The Church Missionary Society was happy in the selection of the Rev. Samuel Crowther, an educated and ordained native minister, as the leader of the enterprise. The history of Mr. Crowther is equal in interest to any romance that was ever written. Torn away from his native land and sold as a slave when a mere boy in 1821, he was rescued from a Portugese slaver by a British cruiser and brought to Sierra Leone, where he was educated in the mission school, and being specially bright was sent to England. He completed his education in Islington Training Institution and was ordained by the Bishop of London. He returned to Sierra Leone and was afterwards in 1846 appointed as a missionary to Abeokuta, to labor among the Sierra Leone emigrants and others. It was here, to his inexpressible delight, he met his mother, twenty-five years after he had been snatched from her by the slave dealers; and in 1848 he had the further unspeakable joy of seeing her admitted, along with four others, into the membership of the Christian church. They were the first fruits of the mission. In 1864 he was consecrated at Canterbury Cathedral, Bishop of the Niger territory and superintendent of all the stations in the Yoruba and adjoining countries. Making the island of Lagos his headquarters, Bishop Crowther, assisted by a noble band of native missionaries, has succeeded in establishing stations, erecting churches and organizing Christian schools, not only in Lagos and Abeokuta, where the work was first commenced, but also in various towns and villages in Yoruba and Popo countries, and in several centres of population on the banks of the Niger. The principal stations on the Niger are Bonny and Bross at the mouth of the river, and Onitsha, Lokoja, New Calabar, and Egan, higher up. The last named is 350 miles from the mouth of the river. In 1877 a steamer named the Henry Venn was supplied to the mission, thus doing away with the hard labor and slow navigation by means of the old fashioned canoe in vogue on the river. An exploratory voyage made up the Binue in 1879 revealed the existence of numerous tribes ready to receive teachers.

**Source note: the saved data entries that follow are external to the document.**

(* Let $1\le s<t\le n$ and $0<m<\binom{n}{s}$, and let $m+1=\sum_{k=0}^{\ell-1}\binom{n_{s-k}}{s-k}$ be the $s$-cascade representation of $m+1$ (of length $\ell$). Then $k^t_s(m+1)>k^t_s(m)$ if and only if $t\le\ell+n_{s-\ell+1}-1$.
   Context: Colex order on finite subsets of $\mathbb N$: $A<B$ iff $\max(A\triangle B)\in B$. $\mathbb C^{(s)}(m)$ is the $s$-graph whose edges are the first $m$ $s$-subsets of $\mathbb N$ in colex order, and $k^t_s(m)$ is the number of $t$-sets all of whose $s$-subsets are edges of $\mathbb C^{(s)}(m)$. A strict $s$-cascade is an integer sequence $n_s>n_{s-1}>\dots>n_{s-\ell+1}$ with $0\le\ell\le s$ and $n_{s-k}\ge s-k$ for all $k$; every $m\ge0$ has a unique representation $m=\sum_{k=0}^{\ell-1}\binom{n_{s-k}}{s-k}$ by a strict $s$-cascade (its $s$-cascade representation, of length $\ell$). *)

theory Defs
  imports Main
begin

definition colex_less :: "nat set \<Rightarrow> nat set \<Rightarrow> bool" where
  "colex_less A B \<longleftrightarrow> A \<noteq> B \<and> Max ((A - B) \<union> (B - A)) \<in> B"

definition ssets :: "nat \<Rightarrow> nat set set" where
  "ssets s = {A. finite A \<and> card A = s}"
lemma word_inject:
  assumes "distinct (edge_labels T)" "distinct (edge_labels T')" "word T = word T'"
  shows "T = T'"
  using assms
proof (induction T arbitrary: T' rule: ltree_forest_induct)
  case Nil
  then show ?case by (metis word_eq_Nil_iff)
next
  case (Cons a s cs)
  obtain cs' where "T' = Node cs'" by (cases T')
  moreover have "cs' \<noteq> []" using Cons.prems(3) calculation by (auto simp: word_eq_Nil_iff)
  ultimately obtain b t ds where T': "T' = Node ((b, t) # ds)" by (metis list.exhaust prod.exhaust)
  have w: "a # word s @ a # word (Node cs) = b # word t @ b # word (Node ds)"
    using Cons.prems(3) unfolding T' by (simp only: word_Node_Cons)
  then have "a = b" by simp
  have "a \<notin> set (word s)" "a \<notin> set (word (Node cs))"
    using Cons.prems(1) by (auto simp: set_word)
  with w \<open>a = b\<close> have "word s = word t" "word (Node cs) = word (Node ds)"
    using append_Cons_eq_iff[of a "word s" "word (Node cs)"] by auto
  then have "s = t" "Node cs = Node ds"
    using Cons.IH Cons.prems(1,2) T' by auto
  then show ?case using T' \<open>a = b\<close> by simp
qed

lemma Cons_count_2_split:
  assumes "count (mset (a # xs)) a = 2"
  obtains u v where "xs = u @ a # v" "a \<notin> set u" "a \<notin> set v"
proof -
  have "count (mset xs) a = 1" using assms by simp
  then have "a \<in> set xs" by (metis count_mset_0_iff one_neq_zero)
  then obtain u v where xs: "xs = u @ a # v" and "a \<notin> set u" by (meson split_list_first)
  moreover have "a \<notin> set v" using assms xs \<open>a \<notin> set u\<close> by (auto simp flip: count_mset_0_iff)
  ultimately show ?thesis using that by blast
qed

lemma count_2_Cons_append:
  assumes "\<forall>x\<in>set (a # u @ a # v). count (mset (a # u @ a # v)) x = 2"
    and "a \<notin> set u" "a \<notin> set v" "set u \<inter> set v = {}"
  shows "\<forall>x\<in>set u. count (mset u) x = 2" "\<forall>x\<in>set v. count (mset v) x = 2"
proof -
  have "count (mset u) x = 2" if "x \<in> set u" for x
  proof -
    have "x \<noteq> a" "count (mset v) x = 0" using that assms(2,4) by auto
    moreover have "count (mset (a # u @ a # v)) x = 2" using that assms(1) by simp
    ultimately show ?thesis by (simp del: count_mset_0_iff)
  qed
  moreover have "count (mset v) x = 2" if "x \<in> set v" for x
  proof -
    have "x \<noteq> a" "count (mset u) x = 0" using that assms(3,4) by auto
    moreover have "count (mset (a # u @ a # v)) x = 2" using that assms(1) by simp
    ultimately show ?thesis by (simp del: count_mset_0_iff)
  qed
  ultimately show "\<forall>x\<in>set u. count (mset u) x = 2" "\<forall>x\<in>set v. count (mset v) x = 2"
    by blast+
qed
(* Let $k\ge1$, $-\frac{\pi}{2}\le\theta_1<\theta_2<\dots<\theta_{k+1}\le\frac{\pi}{2}$ and $\theta_{\min}=\min_{p\ne j}|\theta_p-\theta_j|$. Then for any $\hat\theta_1,\dots,\hat\theta_k\in\mathbb R$, $$\|\eta_{k+1,k}(e^{i\theta_1},\dots,e^{i\theta_{k+1}},e^{i\hat\theta_1},\dots,e^{i\hat\theta_k})\|_\infty\ge\xi(k)\Big(\frac{2\theta_{\min}}{\pi}\Big)^k.$$
   Context: For $z_1,\dots,z_p,\hat z_1,\dots,\hat z_q\in\mathbb C$, $\eta_{p,q}(z_1,\dots,z_p,\hat z_1,\dots,\hat z_q)\in\mathbb R^p$ is the vector whose $j$-th entry is $\prod_{l=1}^q|z_j-\hat z_l|$. For an integer $k\ge1$: $\xi(1)=\frac12$; $\xi(k)=\frac{(\frac{k-1}{2})!(\frac{k-3}{2})!}{4}$ if $k\ge3$ is odd; $\xi(k)=\frac{((\frac{k-2}{2})!)^2}{4}$ if $k$ is even. *)

theory Defs
  imports "HOL-Analysis.Analysis"
begin

text \<open>Vectors are represented as functions on 1-based indices. eta p q z zh j is the
  j-th entry (1 \<le> j \<le> p) of eta_{p,q}(z_1..z_p, zh_1..zh_q).\<close>
definition eta :: "nat \<Rightarrow> nat \<Rightarrow> (nat \<Rightarrow> complex) \<Rightarrow> (nat \<Rightarrow> complex) \<Rightarrow> nat \<Rightarrow> real" where
  "eta p q z zh j = (\<Prod>l\<in>{1..q}. cmod (z j - zh l))"
lemma vfield_lipschitz:
  assumes "\<mu> \<in> M1 N"
  shows "norm (vfield vd K \<mu> a - vfield vd K \<mu> b) \<le> (Lv + N * LK) * norm (a - b)"
proof -
  have "vfield vd K \<mu> a - vfield vd K \<mu> b
      = (vd a - vd b) - ((\<integral>y. K (y - a) \<partial>\<mu>) - (\<integral>y. K (y - b) \<partial>\<mu>))"
    by (simp add: vfield_def algebra_simps)
  also have "norm \<dots> \<le> norm (vd a - vd b) + norm ((\<integral>y. K (y - a) \<partial>\<mu>) - (\<integral>y. K (y - b) \<partial>\<mu>))"
    by (rule norm_triangle_ineq4)
  also have "\<dots> \<le> Lv * norm (a - b) + N * LK * norm (a - b)"
    by (intro add_mono vd_lipschitz K_integral_lipschitz[OF assms])
  finally show ?thesis by (simp add: algebra_simps)
qed

lemma vfield_linear_growth:
  assumes \<mu>: "\<mu> \<in> M1 N"
  shows "norm (vfield vd K \<mu> p) \<le> (norm (vd 0) + N * MK) + Lv * norm p"
proof -
  interpret finite_measure \<mu> using M1_D[OF \<mu>] by simp
  have "norm (\<integral>y. K (y - p) \<partial>\<mu>) \<le> (\<integral>y. norm (K (y - p)) \<partial>\<mu>)"
    by (rule integral_norm_bound)
  also have "\<dots> \<le> (\<integral>y. MK \<partial>\<mu>)"
    using K_bounded integrable_K_shift[OF \<mu>] by (intro integral_mono) auto
  also have "\<dots> = N * MK" using M1_measure_UNIV[OF \<mu>] M1_D(2)[OF \<mu>] N_pos by simp
  finally have "norm (\<integral>y. K (y - p) \<partial>\<mu>) \<le> N * MK" .
  moreover have "norm (vd p) \<le> norm (vd 0) + Lv * norm p"
    using vd_lipschitz[of p 0] norm_triangle_ineq2[of "vd p" "vd 0"] by simp
  ultimately show ?thesis
    unfolding vfield_def using norm_triangle_ineq4[of "vd p" "\<integral>y. K (y - p) \<partial>\<mu>"] by simp
qed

At Bross and Bonny there has lately been a remarkable movement in the direction of Christianity, hundreds of people throwing away their idols and attending the church services, which are thronged every Sabbath. The famous Juju temple, studded with human skulls, is going to ruin. A village opposite Bonny has been named “The Land of Israel” because there is not an idol to be found in it. At an important market town thirty miles in the interior, the chiefs and people, influenced by what they had seen at Bonny, and without ever having been visited by a Christian teacher, spontaneously built a church with a galvanized iron roof, and benches to seat 300 worshipers, got a school-boy from Bross to read the church services on Sundays, and then sent to ask the Bishop to give them a missionary.

Rev. W. Allan writing from Bonny in 1889 says: “The worship of the iguana is overthrown, the priest is a regular attendant at the house of God, and the iguana itself converted into an article of food. The Juju temple, which a few years ago was decorated with 20,000 skulls of murdered victims, I found rotting away in ruin and decay. I passed through the grove which was formerly the receptacle of so many murdered infants, and I found it had become the regular highway from the town to the church, and that the priest was now a baptized Christian. At 11 o’clock I went ashore and addressed 885 worshipers, including the king, the three former heathen priests, chiefs, and a multitude of slaves, and was thankful to ascertain that the work of conversion was still going on; for, in addition to 648 persons already baptized, of whom 265 are communicants, there are over 700 at Bonny alone who are now under instruction.”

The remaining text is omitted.